Restate exactly, please, each line of the listing from the one with "proof (rule image_subsetI)" to the last, including both.

-- Material provided follows --

lemma Spt_do_eq_replicate_plus_mset_set:
  assumes "\<pi> \<in> Spt_do j m"
  shows "\<pi> = replicate_mset j (smallest_part \<pi>) + mset_set (set_mset \<pi> - {smallest_part \<pi>})"
proof (rule multiset_eqI)
  fix x
  have "smallest_part \<pi> \<le> x" if "x \<in># \<pi>"
    using that by (simp add: smallest_part_def)
  then show "count \<pi> x =
      count (replicate_mset j (smallest_part \<pi>) + mset_set (set_mset \<pi> - {smallest_part \<pi>})) x"
    using assms by (auto simp: Spt_do_def count_mset_set' not_in_iff)
qed

lemma mem_spt_pairs_of_Spt_do:
  assumes "\<pi> \<in> Spt_do j (nat n)" "0 < j" "0 < n"
  shows "(smallest_part \<pi>, set_mset \<pi> - {smallest_part \<pi>}) \<in> spt_pairs j n (even (larger_parts \<pi>))"
proof -
  define s where "s = smallest_part \<pi>"
  define D where "D = set_mset \<pi> - {s}"
  have eq: "\<pi> = replicate_mset j s + mset_set D"
    unfolding s_def D_def using assms(1) by (rule Spt_do_eq_replicate_plus_mset_set)
  have "\<pi> \<noteq> {#}" "\<forall>x\<in>#\<pi>. 0 < x" "sum_mset \<pi> = nat n"
    and big: "\<forall>x\<in>#\<pi>. s < x \<longrightarrow> odd x \<noteq> odd s"
    using assms(1) by (auto simp: Spt_do_def is_partition_def s_def)
  then have "0 < s"
    by (auto simp: s_def smallest_part_def)
  have "s \<le> x" if "x \<in># \<pi>" for x
    using that by (simp add: s_def smallest_part_def)
  then have "\<forall>x\<in>D. s < x"
    by (force simp: D_def)
  have "finite D" by (simp add: D_def)
  have "j * s + \<Sum>D = nat n"
    using eq \<open>sum_mset \<pi> = nat n\<close> by (simp add: sum_mset_mset_set)
  then have "int (\<Sum>D) = n - int (j * s)"
    using assms(3) by linarith
  moreover have "larger_parts \<pi> = card D"
    using eq larger_parts_replicate_plus_mset_set[OF assms(2) \<open>finite D\<close> \<open>\<forall>x\<in>D. s < x\<close>]
    by simp
  ultimately show ?thesis
    using big \<open>0 < s\<close> \<open>finite D\<close> \<open>\<forall>x\<in>D. s < x\<close> by (auto simp: mem_spt_pairs D_def s_def[symmetric])
qed

lemma Spt_do_of_mem_spt_pairs:
  assumes "(s, D) \<in> spt_pairs j n e" "0 < j"
  shows "replicate_mset j s + mset_set D \<in> Spt_do j (nat n)"
    and "even (larger_parts (replicate_mset j s + mset_set D)) \<longleftrightarrow> e"
proof -
  let ?\<pi> = "replicate_mset j s + mset_set D"
  have "0 < s" "finite D" and D: "\<forall>x\<in>D. s < x \<and> odd x \<noteq> odd s"
    and sum: "int (\<Sum>D) = n - int (j * s)" and parity: "even (card D) \<longleftrightarrow> e"
    using assms(1) by (auto simp: mem_spt_pairs)
  then have "smallest_part ?\<pi> = s" "larger_parts ?\<pi> = card D"
    using smallest_part_replicate_plus_mset_set larger_parts_replicate_plus_mset_set assms(2)
    by auto
  then show "even (larger_parts ?\<pi>) \<longleftrightarrow> e" using parity by simp
  have set: "set_mset ?\<pi> = insert s D"
    using assms(2) \<open>finite D\<close> by auto
  have "j * s + \<Sum>D = nat n" using sum by linarith
  then have "is_partition (nat n) ?\<pi>"
    using set \<open>0 < s\<close> D by (auto simp: is_partition_def sum_mset_mset_set)
  moreover have "count ?\<pi> s = j"
    using D \<open>finite D\<close> by (auto simp: count_mset_set')
  moreover have "count ?\<pi> x = 1 \<and> odd x \<noteq> odd s" if "x \<in># ?\<pi>" "s < x" for x
    using that set D \<open>finite D\<close> by auto
  ultimately show "?\<pi> \<in> Spt_do j (nat n)"
    using set \<open>smallest_part ?\<pi> = s\<close> by (auto simp: Spt_do_def)
qed

lemma card_Spt_do_parity:
  assumes "0 < j" "0 < n"
  shows "card {\<pi> \<in> Spt_do j (nat n). even (larger_parts \<pi>) \<longleftrightarrow> e} = card (spt_pairs j n e)"
proof (rule bij_betw_same_card)
  show "bij_betw (\<lambda>\<pi>. (smallest_part \<pi>, set_mset \<pi> - {smallest_part \<pi>}))
    {\<pi> \<in> Spt_do j (nat n). even (larger_parts \<pi>) \<longleftrightarrow> e} (spt_pairs j n e)"
  proof (rule bij_betw_byWitness[where f' = "\<lambda>(s, D). replicate_mset j s + mset_set D"])
    show "\<forall>p\<in>spt_pairs j n e. (\<lambda>\<pi>. (smallest_part \<pi>, set_mset \<pi> - {smallest_part \<pi>}))
        ((\<lambda>(s, D). replicate_mset j s + mset_set D) p) = p"
      using assms(1) smallest_part_replicate_plus_mset_set by (force simp: mem_spt_pairs)
  qed (use assms mem_spt_pairs_of_Spt_do Spt_do_of_mem_spt_pairs
      Spt_do_eq_replicate_plus_mset_set[symmetric] in auto)
qed

lemma
  assumes "0 < j"
  shows B0_eq_card_spt_pairs: "B0 j n = card (spt_pairs j n True)"
    and B1_eq_card_spt_pairs: "B1 j n = card (spt_pairs j n False)"
  using card_Spt_do_parity[OF assms, of n True] card_Spt_do_parity[OF assms, of n False]
    spt_pairs_nonpos[OF assms]
  by (auto simp: B0_def B1_def)

lemma card_spt_pairs_fst:
  "card {p \<in> spt_pairs j n e. fst p = s} =
   card (distinct_parts (\<lambda>x. s < x \<and> odd x \<noteq> odd s) (n - int (j * s)) e)" if "0 < s"
proof -
  have "{p \<in> spt_pairs j n e. fst p = s} =
      Pair s ` distinct_parts (\<lambda>x. s < x \<and> odd x \<noteq> odd s) (n - int (j * s)) e"
    using that by (auto simp: spt_pairs_def)
  then show ?thesis by (simp add: card_image inj_on_def)
qed

lemma card_spt_pairs_fst_1:
  "card {p \<in> spt_pairs j n e. fst p = 1} = card (distinct_parts (\<lambda>x. 0 < x \<and> even x) (n - int j) e)"
proof -
  have "(\<lambda>x::nat. 1 < x \<and> odd x \<noteq> odd (1::nat)) = (\<lambda>x. 0 < x \<and> even x)"
    by (auto simp: fun_eq_iff elim!: evenE)
  then show ?thesis by (simp add: card_spt_pairs_fst)
qed

lemma card_spt_pairs_fst_2:
  "card {p \<in> spt_pairs j n e. fst p = 2} =
   card (distinct_parts (\<lambda>x. odd x \<and> x \<noteq> 1) (n - 2 * int j) e)"
proof -
  have "(\<lambda>x::nat. 2 < x \<and> odd x \<noteq> odd (2::nat)) = (\<lambda>x. odd x \<and> x \<noteq> 1)"
    by (auto simp: fun_eq_iff elim!: oddE)
  then show ?thesis by (simp add: card_spt_pairs_fst mult.commute)
qed

lemma card_spt_pairs_split_fst:
  assumes "0 < j"
  shows "card (spt_pairs j n e) = card {p \<in> spt_pairs j n e. fst p = 1}
    + card {p \<in> spt_pairs j n e. fst p = 2} + card {p \<in> spt_pairs j n e. 3 \<le> fst p}"
proof -
  let ?A = "{p \<in> spt_pairs j n e. fst p = 1}"
  let ?B = "{p \<in> spt_pairs j n e. fst p = 2}"
  let ?C = "{p \<in> spt_pairs j n e. 3 \<le> fst p}"
  have "spt_pairs j n e = ?A \<union> ?B \<union> ?C"
    by (auto simp: spt_pairs_def)
  then have "card (spt_pairs j n e) = card (?A \<union> ?B \<union> ?C)"
    by (rule arg_cong)
  also have "\<dots> = card ?A + card ?B + card ?C"
    using finite_spt_pairs[OF assms] by (simp add: card_Un_disjoint disjoint_iff)
  finally show ?thesis .
qed
lemma encodes_Theta:
  assumes perm: "\<pi> permutes {1..2*n}" and cs: "centrosymmetric \<pi> (2*n)"
  shows "encodes n \<pi> (Theta n \<pi>)"
  unfolding encodes_def
proof
  fix p assume p: "p \<in> {1..2*n}"
  have img: "\<pi> (n + i) \<in> {1..2*n}" if "i \<in> {1..n}" for i
    using permutes_in_image[OF perm, of "n + i"] that by auto
  show "int (\<pi> p) = lift_signed n (unfold_signed n (Theta n \<pi>) p)"
  proof (cases "p \<le> n")
    case True
    define i where "i = n + 1 - p"
    have i: "i \<in> {1..n}" and p_eq: "p = n + 1 - i" and mirror: "2*n + 1 - p = n + i"
      using p True by (auto simp: i_def)
    have "unfold_signed n (Theta n \<pi>) p = - Theta n \<pi> i"
      using unfold_signed_left[OF i] by (simp add: p_eq)
    then have "lift_signed n (unfold_signed n (Theta n \<pi>) p) = 2 * int n + 1 - int (\<pi> (n + i))"
      using lift_signed_uminus lift_signed_Theta[of i n \<pi>] i img[OF i] by simp
    also have "\<dots> = int (\<pi> p)"
    proof -
      have "\<pi> p + \<pi> (2*n + 1 - p) = 2*n + 1" using cs p unfolding centrosymmetric_def by blast
      then show ?thesis unfolding mirror by linarith
    qed
    finally show ?thesis by simp
  next
    case False
    then have i: "p - n \<in> {1..n}" and p_eq: "p = n + (p - n)" using p by auto
    show ?thesis
      using lift_signed_Theta[of "p - n" n \<pi>] i img[OF i]
      by (subst (1 2) p_eq) (simp add: unfold_signed_right)
  qed
qed

lemma Theta_in_signed_perms:
  assumes perm: "\<pi> permutes {1..2*n}" and cs: "centrosymmetric \<pi> (2*n)"
  shows "Theta n \<pi> \<in> signed_perms n"
proof -
  have img: "\<pi> (n + i) \<in> {1..2*n}" if "i \<in> {1..n}" for i
    using permutes_in_image[OF perm, of "n + i"] that by auto
  have nz: "\<forall>i\<in>{1..n}. Theta n \<pi> i \<noteq> 0" and bound: "\<forall>i\<in>{1..n}. \<bar>Theta n \<pi> i\<bar> \<le> int n"
    using lift_signed_Theta img by blast+
  have "inj_on (unfold_signed n (Theta n \<pi>)) {1..2*n}"
    using inj_on_iff_encodes[OF encodes_Theta[OF perm cs] nz] permutes_inj_on[OF perm] by blast
  then show ?thesis
    unfolding signed_perms_iff inj_on_unfold_signed_iff[OF nz, symmetric] using nz bound
    by (simp add: Theta_def)
qed

definition Theta_inv :: "nat \<Rightarrow> (nat \<Rightarrow> int) \<Rightarrow> nat \<Rightarrow> nat" where
  "Theta_inv n \<sigma> p = (if p \<in> {1..2*n} then nat (lift_signed n (unfold_signed n \<sigma> p)) else p)"

lemma
  assumes "\<sigma> \<in> signed_perms n"
  shows encodes_Theta_inv: "encodes n (Theta_inv n \<sigma>) \<sigma>"
    and Theta_inv_permutes: "Theta_inv n \<sigma> permutes {1..2*n}"
proof -
  have nz: "\<forall>i\<in>{1..n}. \<sigma> i \<noteq> 0" and bound: "\<forall>i\<in>{1..n}. \<bar>\<sigma> i\<bar> \<le> int n"
    and inj: "inj_on (\<lambda>i. \<bar>\<sigma> i\<bar>) {1..n}"
    using assms unfolding signed_perms_iff by blast+
  have lift: "lift_signed n (unfold_signed n \<sigma> p) \<in> {1..2 * int n}" if "p \<in> {1..2*n}" for p
    using that unfold_signed_nonzero[OF nz] bound
    by (metis abs_unfold_signed lift_signed_bounds)
  show enc: "encodes n (Theta_inv n \<sigma>) \<sigma>"
    unfolding encodes_def
  proof
    fix p assume p: "p \<in> {1..2*n}"
    then have "0 \<le> lift_signed n (unfold_signed n \<sigma> p)" using lift by fastforce
    then show "int (Theta_inv n \<sigma> p) = lift_signed n (unfold_signed n \<sigma> p)"
      using p by (simp add: Theta_inv_def)
  qed
  have "inj_on (Theta_inv n \<sigma>) {1..2*n}"
    using inj_on_iff_encodes[OF enc nz] inj_on_unfold_signed_iff[OF nz] inj by blast
  moreover have "Theta_inv n \<sigma> ` {1..2*n} \<subseteq> {1..2*n}"
  proof (rule image_subsetI)
    fix p assume p: "p \<in> {1..2*n}"
    then show "Theta_inv n \<sigma> p \<in> {1..2*n}" using lift[OF p] by (auto simp: Theta_inv_def)
  qed
  ultimately have "bij_betw (Theta_inv n \<sigma>) {1..2*n} {1..2*n}"
    by (simp add: bij_betw_def endo_inj_surj)
  then show "Theta_inv n \<sigma> permutes {1..2*n}"
    by (rule bij_imp_permutes) (auto simp: Theta_inv_def)
qed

-- Material provided concluded --

● Task result:
  proof (rule image_subsetI)
    fix p assume p: "p \<in> {1..2*n}"
    then show "Theta_inv n \<sigma> p \<in> {1..2*n}" using lift[OF p] by (auto simp: Theta_inv_def)
  qed
  ultimately have "bij_betw (Theta_inv n \<sigma>) {1..2*n} {1..2*n}"
    by (simp add: bij_betw_def endo_inj_surj)
  then show "Theta_inv n \<sigma> permutes {1..2*n}"
    by (rule bij_imp_permutes) (auto simp: Theta_inv_def)
qed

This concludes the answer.